--- DATA RECORDS ---
text \<open>The two-sided ideal of K{V} generated by all associators (a,a,b) and (b,a,a).
  The quotient K{V}/alt_ideal is the free alternative algebra Alt[V].\<close>
inductive_set alt_ideal :: "('k::field, 'v) npoly set" where
  left_alt: "npassoc a a b \<in> alt_ideal"
| right_alt: "npassoc b a a \<in> alt_ideal"
| zero: "0 \<in> alt_ideal"
| add: "p \<in> alt_ideal \<Longrightarrow> q \<in> alt_ideal \<Longrightarrow> p + q \<in> alt_ideal"
| smult: "p \<in> alt_ideal \<Longrightarrow> npsmult c p \<in> alt_ideal"
| mult_right: "p \<in> alt_ideal \<Longrightarrow> npmult p r \<in> alt_ideal"
| mult_left: "p \<in> alt_ideal \<Longrightarrow> npmult r p \<in> alt_ideal"

datatype var3 = X | Y | Z

text \<open>Veronese 2-subalgebra of Alt[x,y,z], represented as the set of representatives in K{x,y,z}
  of elements of Alt[x,y,z] lying in the span of the (images of) monomials of even length.\<close>
definition veronese2 :: "('k::field, var3) npoly set" where
  "veronese2 = {p. \<exists>q. p - q \<in> alt_ideal \<and> (\<forall>m \<in> Poly_Mapping.keys q. even (nmon_deg m))}"

text \<open>Identities of the variety Alt_3 (generated by Alt[x,y,z]): nonassociative polynomials
  vanishing under every substitution of elements of Alt[x,y,z].\<close>
definition Alt3_identity :: "('k::field, 'w) npoly \<Rightarrow> bool" where
  "Alt3_identity f \<longleftrightarrow> (\<forall>s :: 'w \<Rightarrow> ('k, var3) npoly. npeval s f \<in> alt_ideal)"

text \<open>A subalgebra V of Alt[x,y,z] (given by a set of representatives) is free in Alt_3 iff it
  has a subset X such that X generates V and the canonical homomorphism from the free
  Alt_3-algebra on X, i.e. K{X} modulo the Alt_3 identities, onto V is injective.\<close>
definition free_in_Alt3 :: "('k::field, var3) npoly set \<Rightarrow> bool" where
  "free_in_Alt3 V \<longleftrightarrow>
     (\<exists>G \<subseteq> V.
        (\<forall>p \<in> V. \<exists>f :: ('k, ('k, var3) npoly) npoly.
            npvars f \<subseteq> G \<and> p - npeval (\<lambda>v. v) f \<in> alt_ideal) \<and>
        (\<forall>f :: ('k, ('k, var3) npoly) npoly.
            npvars f \<subseteq> G \<longrightarrow> npeval (\<lambda>v. v) f \<in> alt_ideal \<longrightarrow> Alt3_identity f))"

end

theory Submission
  imports Defs
begin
---
* [PROBLEM TO WORK ON]: Report every line in the data that holds "exists", copying each one.

* [REPLY]:
  "veronese2 = {p. \<exists>q. p - q \<in> alt_ideal \<and> (\<forall>m \<in> Poly_Mapping.keys q. even (nmon_deg m))}"
     (\<exists>G \<subseteq> V.
        (\<forall>p \<in> V. \<exists>f :: ('k, ('k, var3) npoly) npoly.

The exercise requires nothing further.